What you need to do: Whatever the records contain, reproduce all of them exactly.

Supplied material:
###

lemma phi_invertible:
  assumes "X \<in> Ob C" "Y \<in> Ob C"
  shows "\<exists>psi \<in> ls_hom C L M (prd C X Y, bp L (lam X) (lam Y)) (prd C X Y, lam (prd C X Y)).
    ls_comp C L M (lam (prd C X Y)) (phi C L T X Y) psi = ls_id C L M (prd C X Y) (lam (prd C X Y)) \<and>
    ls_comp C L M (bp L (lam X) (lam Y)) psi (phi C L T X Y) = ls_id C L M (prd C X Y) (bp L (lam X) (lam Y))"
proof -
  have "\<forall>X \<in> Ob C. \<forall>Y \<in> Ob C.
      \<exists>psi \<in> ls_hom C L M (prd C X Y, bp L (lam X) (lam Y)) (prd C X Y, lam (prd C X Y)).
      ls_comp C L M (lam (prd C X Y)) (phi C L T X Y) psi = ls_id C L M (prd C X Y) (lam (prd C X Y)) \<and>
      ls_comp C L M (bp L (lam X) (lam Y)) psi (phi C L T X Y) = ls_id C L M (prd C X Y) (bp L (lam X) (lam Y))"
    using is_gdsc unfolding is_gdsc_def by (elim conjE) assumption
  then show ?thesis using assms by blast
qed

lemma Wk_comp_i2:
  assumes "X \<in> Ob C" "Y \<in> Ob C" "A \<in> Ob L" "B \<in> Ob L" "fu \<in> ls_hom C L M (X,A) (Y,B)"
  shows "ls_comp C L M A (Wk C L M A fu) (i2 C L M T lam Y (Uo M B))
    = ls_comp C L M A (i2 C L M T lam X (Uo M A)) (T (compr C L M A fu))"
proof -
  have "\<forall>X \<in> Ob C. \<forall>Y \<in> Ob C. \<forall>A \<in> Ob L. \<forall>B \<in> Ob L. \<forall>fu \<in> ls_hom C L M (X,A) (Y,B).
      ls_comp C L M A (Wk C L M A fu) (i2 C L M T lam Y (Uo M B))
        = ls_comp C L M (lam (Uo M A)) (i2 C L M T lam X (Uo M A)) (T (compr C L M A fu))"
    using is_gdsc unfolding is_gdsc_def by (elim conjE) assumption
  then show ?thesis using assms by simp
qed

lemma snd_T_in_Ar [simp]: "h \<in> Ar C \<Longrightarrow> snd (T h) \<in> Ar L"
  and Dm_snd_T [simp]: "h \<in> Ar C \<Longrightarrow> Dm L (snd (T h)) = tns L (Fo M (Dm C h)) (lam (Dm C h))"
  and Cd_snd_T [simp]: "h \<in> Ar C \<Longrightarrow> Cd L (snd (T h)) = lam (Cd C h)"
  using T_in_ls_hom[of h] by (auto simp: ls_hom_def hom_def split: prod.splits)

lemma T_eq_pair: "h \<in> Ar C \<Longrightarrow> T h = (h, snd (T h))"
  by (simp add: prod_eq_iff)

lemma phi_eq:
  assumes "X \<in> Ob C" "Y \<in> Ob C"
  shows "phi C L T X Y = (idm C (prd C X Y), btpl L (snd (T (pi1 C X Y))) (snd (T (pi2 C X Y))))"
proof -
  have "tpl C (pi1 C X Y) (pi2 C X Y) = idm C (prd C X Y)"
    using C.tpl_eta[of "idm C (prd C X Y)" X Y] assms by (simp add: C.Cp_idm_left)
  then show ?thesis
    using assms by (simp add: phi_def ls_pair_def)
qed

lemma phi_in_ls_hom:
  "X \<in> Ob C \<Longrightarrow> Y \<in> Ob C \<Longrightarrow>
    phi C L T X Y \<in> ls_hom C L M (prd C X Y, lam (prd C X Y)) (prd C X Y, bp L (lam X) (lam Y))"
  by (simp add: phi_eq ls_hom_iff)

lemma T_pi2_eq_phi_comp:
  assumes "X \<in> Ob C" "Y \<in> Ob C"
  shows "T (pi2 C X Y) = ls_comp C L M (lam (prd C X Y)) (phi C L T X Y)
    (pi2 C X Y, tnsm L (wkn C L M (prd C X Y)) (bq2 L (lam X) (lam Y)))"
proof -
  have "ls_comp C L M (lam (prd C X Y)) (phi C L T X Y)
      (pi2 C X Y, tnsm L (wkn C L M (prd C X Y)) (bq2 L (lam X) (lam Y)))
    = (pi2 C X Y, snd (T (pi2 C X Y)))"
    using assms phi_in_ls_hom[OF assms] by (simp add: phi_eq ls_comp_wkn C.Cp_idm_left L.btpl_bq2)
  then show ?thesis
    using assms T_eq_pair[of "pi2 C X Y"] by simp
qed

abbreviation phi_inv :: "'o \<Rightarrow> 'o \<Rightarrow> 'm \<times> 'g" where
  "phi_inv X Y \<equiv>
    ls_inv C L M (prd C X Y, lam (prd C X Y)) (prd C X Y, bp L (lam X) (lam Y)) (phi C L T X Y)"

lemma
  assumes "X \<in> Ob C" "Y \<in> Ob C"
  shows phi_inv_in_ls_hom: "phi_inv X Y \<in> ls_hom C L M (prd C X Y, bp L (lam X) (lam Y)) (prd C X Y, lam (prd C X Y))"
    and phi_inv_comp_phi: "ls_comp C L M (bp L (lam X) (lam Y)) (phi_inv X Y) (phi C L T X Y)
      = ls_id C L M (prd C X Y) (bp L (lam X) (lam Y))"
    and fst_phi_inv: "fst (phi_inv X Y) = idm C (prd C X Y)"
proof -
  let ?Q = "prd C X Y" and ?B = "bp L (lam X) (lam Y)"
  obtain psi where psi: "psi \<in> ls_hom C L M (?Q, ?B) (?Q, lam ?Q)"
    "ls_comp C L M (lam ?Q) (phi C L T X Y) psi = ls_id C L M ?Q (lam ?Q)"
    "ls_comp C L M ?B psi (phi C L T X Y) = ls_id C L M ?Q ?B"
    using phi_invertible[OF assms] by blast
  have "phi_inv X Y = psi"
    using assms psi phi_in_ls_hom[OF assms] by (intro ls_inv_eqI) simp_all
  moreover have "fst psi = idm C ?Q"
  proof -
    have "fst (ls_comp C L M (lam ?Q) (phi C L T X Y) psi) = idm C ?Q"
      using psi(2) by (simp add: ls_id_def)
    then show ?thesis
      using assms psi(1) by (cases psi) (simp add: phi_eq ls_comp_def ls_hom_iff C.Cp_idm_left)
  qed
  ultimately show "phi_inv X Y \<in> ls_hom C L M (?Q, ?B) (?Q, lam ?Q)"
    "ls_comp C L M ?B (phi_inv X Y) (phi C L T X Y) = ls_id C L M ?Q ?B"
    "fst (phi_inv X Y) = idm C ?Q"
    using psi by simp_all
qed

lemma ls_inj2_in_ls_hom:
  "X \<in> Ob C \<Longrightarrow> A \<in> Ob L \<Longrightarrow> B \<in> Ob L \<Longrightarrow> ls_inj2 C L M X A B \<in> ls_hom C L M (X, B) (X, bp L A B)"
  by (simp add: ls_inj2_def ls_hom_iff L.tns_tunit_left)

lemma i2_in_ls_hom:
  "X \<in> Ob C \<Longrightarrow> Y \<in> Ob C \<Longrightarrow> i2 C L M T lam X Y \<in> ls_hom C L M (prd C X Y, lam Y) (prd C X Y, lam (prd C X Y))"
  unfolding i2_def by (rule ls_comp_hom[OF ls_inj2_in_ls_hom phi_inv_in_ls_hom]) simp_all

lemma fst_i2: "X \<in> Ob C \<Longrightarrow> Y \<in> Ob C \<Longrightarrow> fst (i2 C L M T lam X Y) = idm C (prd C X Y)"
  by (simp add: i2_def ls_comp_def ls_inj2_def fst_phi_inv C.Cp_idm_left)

###

Reply to the exercise:
lemma phi_invertible:
  assumes "X \<in> Ob C" "Y \<in> Ob C"
  shows "\<exists>psi \<in> ls_hom C L M (prd C X Y, bp L (lam X) (lam Y)) (prd C X Y, lam (prd C X Y)).
    ls_comp C L M (lam (prd C X Y)) (phi C L T X Y) psi = ls_id C L M (prd C X Y) (lam (prd C X Y)) \<and>
    ls_comp C L M (bp L (lam X) (lam Y)) psi (phi C L T X Y) = ls_id C L M (prd C X Y) (bp L (lam X) (lam Y))"
proof -
  have "\<forall>X \<in> Ob C. \<forall>Y \<in> Ob C.
      \<exists>psi \<in> ls_hom C L M (prd C X Y, bp L (lam X) (lam Y)) (prd C X Y, lam (prd C X Y)).
      ls_comp C L M (lam (prd C X Y)) (phi C L T X Y) psi = ls_id C L M (prd C X Y) (lam (prd C X Y)) \<and>
      ls_comp C L M (bp L (lam X) (lam Y)) psi (phi C L T X Y) = ls_id C L M (prd C X Y) (bp L (lam X) (lam Y))"
    using is_gdsc unfolding is_gdsc_def by (elim conjE) assumption
  then show ?thesis using assms by blast
qed

lemma Wk_comp_i2:
  assumes "X \<in> Ob C" "Y \<in> Ob C" "A \<in> Ob L" "B \<in> Ob L" "fu \<in> ls_hom C L M (X,A) (Y,B)"
  shows "ls_comp C L M A (Wk C L M A fu) (i2 C L M T lam Y (Uo M B))
    = ls_comp C L M A (i2 C L M T lam X (Uo M A)) (T (compr C L M A fu))"
proof -
  have "\<forall>X \<in> Ob C. \<forall>Y \<in> Ob C. \<forall>A \<in> Ob L. \<forall>B \<in> Ob L. \<forall>fu \<in> ls_hom C L M (X,A) (Y,B).
      ls_comp C L M A (Wk C L M A fu) (i2 C L M T lam Y (Uo M B))
        = ls_comp C L M (lam (Uo M A)) (i2 C L M T lam X (Uo M A)) (T (compr C L M A fu))"
    using is_gdsc unfolding is_gdsc_def by (elim conjE) assumption
  then show ?thesis using assms by simp
qed

lemma snd_T_in_Ar [simp]: "h \<in> Ar C \<Longrightarrow> snd (T h) \<in> Ar L"
  and Dm_snd_T [simp]: "h \<in> Ar C \<Longrightarrow> Dm L (snd (T h)) = tns L (Fo M (Dm C h)) (lam (Dm C h))"
  and Cd_snd_T [simp]: "h \<in> Ar C \<Longrightarrow> Cd L (snd (T h)) = lam (Cd C h)"
  using T_in_ls_hom[of h] by (auto simp: ls_hom_def hom_def split: prod.splits)

lemma T_eq_pair: "h \<in> Ar C \<Longrightarrow> T h = (h, snd (T h))"
  by (simp add: prod_eq_iff)

lemma phi_eq:
  assumes "X \<in> Ob C" "Y \<in> Ob C"
  shows "phi C L T X Y = (idm C (prd C X Y), btpl L (snd (T (pi1 C X Y))) (snd (T (pi2 C X Y))))"
proof -
  have "tpl C (pi1 C X Y) (pi2 C X Y) = idm C (prd C X Y)"
    using C.tpl_eta[of "idm C (prd C X Y)" X Y] assms by (simp add: C.Cp_idm_left)
  then show ?thesis
    using assms by (simp add: phi_def ls_pair_def)
qed

lemma phi_in_ls_hom:
  "X \<in> Ob C \<Longrightarrow> Y \<in> Ob C \<Longrightarrow>
    phi C L T X Y \<in> ls_hom C L M (prd C X Y, lam (prd C X Y)) (prd C X Y, bp L (lam X) (lam Y))"
  by (simp add: phi_eq ls_hom_iff)

lemma T_pi2_eq_phi_comp:
  assumes "X \<in> Ob C" "Y \<in> Ob C"
  shows "T (pi2 C X Y) = ls_comp C L M (lam (prd C X Y)) (phi C L T X Y)
    (pi2 C X Y, tnsm L (wkn C L M (prd C X Y)) (bq2 L (lam X) (lam Y)))"
proof -
  have "ls_comp C L M (lam (prd C X Y)) (phi C L T X Y)
      (pi2 C X Y, tnsm L (wkn C L M (prd C X Y)) (bq2 L (lam X) (lam Y)))
    = (pi2 C X Y, snd (T (pi2 C X Y)))"
    using assms phi_in_ls_hom[OF assms] by (simp add: phi_eq ls_comp_wkn C.Cp_idm_left L.btpl_bq2)
  then show ?thesis
    using assms T_eq_pair[of "pi2 C X Y"] by simp
qed

abbreviation phi_inv :: "'o \<Rightarrow> 'o \<Rightarrow> 'm \<times> 'g" where
  "phi_inv X Y \<equiv>
    ls_inv C L M (prd C X Y, lam (prd C X Y)) (prd C X Y, bp L (lam X) (lam Y)) (phi C L T X Y)"

lemma
  assumes "X \<in> Ob C" "Y \<in> Ob C"
  shows phi_inv_in_ls_hom: "phi_inv X Y \<in> ls_hom C L M (prd C X Y, bp L (lam X) (lam Y)) (prd C X Y, lam (prd C X Y))"
    and phi_inv_comp_phi: "ls_comp C L M (bp L (lam X) (lam Y)) (phi_inv X Y) (phi C L T X Y)
      = ls_id C L M (prd C X Y) (bp L (lam X) (lam Y))"
    and fst_phi_inv: "fst (phi_inv X Y) = idm C (prd C X Y)"
proof -
  let ?Q = "prd C X Y" and ?B = "bp L (lam X) (lam Y)"
  obtain psi where psi: "psi \<in> ls_hom C L M (?Q, ?B) (?Q, lam ?Q)"
    "ls_comp C L M (lam ?Q) (phi C L T X Y) psi = ls_id C L M ?Q (lam ?Q)"
    "ls_comp C L M ?B psi (phi C L T X Y) = ls_id C L M ?Q ?B"
    using phi_invertible[OF assms] by blast
  have "phi_inv X Y = psi"
    using assms psi phi_in_ls_hom[OF assms] by (intro ls_inv_eqI) simp_all
  moreover have "fst psi = idm C ?Q"
  proof -
    have "fst (ls_comp C L M (lam ?Q) (phi C L T X Y) psi) = idm C ?Q"
      using psi(2) by (simp add: ls_id_def)
    then show ?thesis
      using assms psi(1) by (cases psi) (simp add: phi_eq ls_comp_def ls_hom_iff C.Cp_idm_left)
  qed
  ultimately show "phi_inv X Y \<in> ls_hom C L M (?Q, ?B) (?Q, lam ?Q)"
    "ls_comp C L M ?B (phi_inv X Y) (phi C L T X Y) = ls_id C L M ?Q ?B"
    "fst (phi_inv X Y) = idm C ?Q"
    using psi by simp_all
qed

lemma ls_inj2_in_ls_hom:
  "X \<in> Ob C \<Longrightarrow> A \<in> Ob L \<Longrightarrow> B \<in> Ob L \<Longrightarrow> ls_inj2 C L M X A B \<in> ls_hom C L M (X, B) (X, bp L A B)"
  by (simp add: ls_inj2_def ls_hom_iff L.tns_tunit_left)

lemma i2_in_ls_hom:
  "X \<in> Ob C \<Longrightarrow> Y \<in> Ob C \<Longrightarrow> i2 C L M T lam X Y \<in> ls_hom C L M (prd C X Y, lam Y) (prd C X Y, lam (prd C X Y))"
  unfolding i2_def by (rule ls_comp_hom[OF ls_inj2_in_ls_hom phi_inv_in_ls_hom]) simp_all

lemma fst_i2: "X \<in> Ob C \<Longrightarrow> Y \<in> Ob C \<Longrightarrow> fst (i2 C L M T lam X Y) = idm C (prd C X Y)"
  by (simp add: i2_def ls_comp_def ls_inj2_def fst_phi_inv C.Cp_idm_left)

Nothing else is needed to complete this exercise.